**TASK DESCRIPTION**
Read the records and gather each line that includes "where".

Stored data:
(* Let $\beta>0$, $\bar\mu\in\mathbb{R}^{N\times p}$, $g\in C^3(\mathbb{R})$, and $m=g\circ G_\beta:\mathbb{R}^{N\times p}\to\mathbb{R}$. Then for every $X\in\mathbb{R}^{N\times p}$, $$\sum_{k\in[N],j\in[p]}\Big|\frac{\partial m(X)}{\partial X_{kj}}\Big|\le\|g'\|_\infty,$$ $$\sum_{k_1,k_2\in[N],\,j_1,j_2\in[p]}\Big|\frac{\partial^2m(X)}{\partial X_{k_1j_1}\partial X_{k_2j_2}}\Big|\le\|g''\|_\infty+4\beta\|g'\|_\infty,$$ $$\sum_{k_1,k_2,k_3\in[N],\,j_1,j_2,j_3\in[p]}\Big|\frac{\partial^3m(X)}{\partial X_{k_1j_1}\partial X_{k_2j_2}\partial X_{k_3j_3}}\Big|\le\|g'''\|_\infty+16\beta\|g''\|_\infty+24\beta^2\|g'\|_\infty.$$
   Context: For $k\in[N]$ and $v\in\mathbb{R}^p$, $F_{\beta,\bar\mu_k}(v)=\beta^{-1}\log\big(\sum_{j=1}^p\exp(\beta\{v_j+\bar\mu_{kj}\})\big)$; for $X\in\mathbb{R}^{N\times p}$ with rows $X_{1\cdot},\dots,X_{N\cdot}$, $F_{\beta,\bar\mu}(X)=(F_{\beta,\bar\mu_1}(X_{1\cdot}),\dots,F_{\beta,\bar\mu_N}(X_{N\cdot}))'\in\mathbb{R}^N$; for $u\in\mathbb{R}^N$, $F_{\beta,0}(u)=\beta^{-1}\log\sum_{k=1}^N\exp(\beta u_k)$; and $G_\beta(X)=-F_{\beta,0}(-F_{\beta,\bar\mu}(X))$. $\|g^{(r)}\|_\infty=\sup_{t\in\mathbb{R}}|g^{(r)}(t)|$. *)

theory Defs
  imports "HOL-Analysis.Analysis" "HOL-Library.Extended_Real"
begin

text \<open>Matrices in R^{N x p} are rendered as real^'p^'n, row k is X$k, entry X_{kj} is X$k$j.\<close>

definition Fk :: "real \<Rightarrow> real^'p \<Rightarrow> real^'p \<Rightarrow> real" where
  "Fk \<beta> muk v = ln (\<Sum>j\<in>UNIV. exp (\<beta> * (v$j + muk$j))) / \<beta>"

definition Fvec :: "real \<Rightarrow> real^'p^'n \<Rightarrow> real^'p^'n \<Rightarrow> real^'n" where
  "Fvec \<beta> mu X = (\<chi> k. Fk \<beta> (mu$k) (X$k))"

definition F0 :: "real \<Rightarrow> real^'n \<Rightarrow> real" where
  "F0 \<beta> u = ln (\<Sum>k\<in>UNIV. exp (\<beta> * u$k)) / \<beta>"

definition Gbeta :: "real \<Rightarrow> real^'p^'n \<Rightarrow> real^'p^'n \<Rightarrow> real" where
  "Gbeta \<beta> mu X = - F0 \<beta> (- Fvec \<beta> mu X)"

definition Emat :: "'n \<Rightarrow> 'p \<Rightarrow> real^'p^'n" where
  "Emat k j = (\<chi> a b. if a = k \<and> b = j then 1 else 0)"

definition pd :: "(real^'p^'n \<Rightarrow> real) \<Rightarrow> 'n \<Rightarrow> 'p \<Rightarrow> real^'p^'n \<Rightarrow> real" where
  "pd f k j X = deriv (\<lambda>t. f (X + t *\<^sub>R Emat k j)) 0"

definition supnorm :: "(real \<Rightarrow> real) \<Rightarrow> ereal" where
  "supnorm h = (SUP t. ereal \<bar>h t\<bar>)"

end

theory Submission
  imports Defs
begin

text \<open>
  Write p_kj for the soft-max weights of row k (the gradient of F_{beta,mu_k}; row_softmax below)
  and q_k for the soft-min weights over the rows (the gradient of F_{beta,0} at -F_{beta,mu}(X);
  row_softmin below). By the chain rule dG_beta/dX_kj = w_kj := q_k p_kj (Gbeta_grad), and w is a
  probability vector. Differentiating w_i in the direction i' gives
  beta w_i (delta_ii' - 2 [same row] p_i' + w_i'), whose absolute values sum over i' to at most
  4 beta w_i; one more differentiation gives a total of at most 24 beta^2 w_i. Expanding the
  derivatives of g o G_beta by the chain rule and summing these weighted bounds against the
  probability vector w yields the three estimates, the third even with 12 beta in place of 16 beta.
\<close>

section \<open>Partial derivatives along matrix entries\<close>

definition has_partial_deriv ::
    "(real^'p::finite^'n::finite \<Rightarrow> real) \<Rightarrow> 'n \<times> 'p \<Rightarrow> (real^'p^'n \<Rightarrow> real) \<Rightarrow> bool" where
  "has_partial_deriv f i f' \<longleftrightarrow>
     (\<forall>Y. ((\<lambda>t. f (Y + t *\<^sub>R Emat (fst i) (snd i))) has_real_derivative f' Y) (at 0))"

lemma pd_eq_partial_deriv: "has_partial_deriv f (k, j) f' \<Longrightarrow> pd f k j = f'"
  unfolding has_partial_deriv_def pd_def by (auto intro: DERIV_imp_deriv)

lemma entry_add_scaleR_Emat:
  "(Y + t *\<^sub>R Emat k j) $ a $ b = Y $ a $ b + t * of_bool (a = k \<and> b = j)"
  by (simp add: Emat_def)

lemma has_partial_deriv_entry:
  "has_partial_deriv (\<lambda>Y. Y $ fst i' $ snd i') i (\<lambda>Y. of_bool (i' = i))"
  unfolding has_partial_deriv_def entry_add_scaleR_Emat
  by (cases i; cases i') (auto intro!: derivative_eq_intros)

**ANSWER BELOW**
definition Fk :: "real \<Rightarrow> real^'p \<Rightarrow> real^'p \<Rightarrow> real" where
definition Fvec :: "real \<Rightarrow> real^'p^'n \<Rightarrow> real^'p^'n \<Rightarrow> real^'n" where
definition F0 :: "real \<Rightarrow> real^'n \<Rightarrow> real" where
definition Gbeta :: "real \<Rightarrow> real^'p^'n \<Rightarrow> real^'p^'n \<Rightarrow> real" where
definition Emat :: "'n \<Rightarrow> 'p \<Rightarrow> real^'p^'n" where
definition pd :: "(real^'p^'n \<Rightarrow> real) \<Rightarrow> 'n \<Rightarrow> 'p \<Rightarrow> real^'p^'n \<Rightarrow> real" where
definition supnorm :: "(real \<Rightarrow> real) \<Rightarrow> ereal" where
    "(real^'p::finite^'n::finite \<Rightarrow> real) \<Rightarrow> 'n \<times> 'p \<Rightarrow> (real^'p^'n \<Rightarrow> real) \<Rightarrow> bool" where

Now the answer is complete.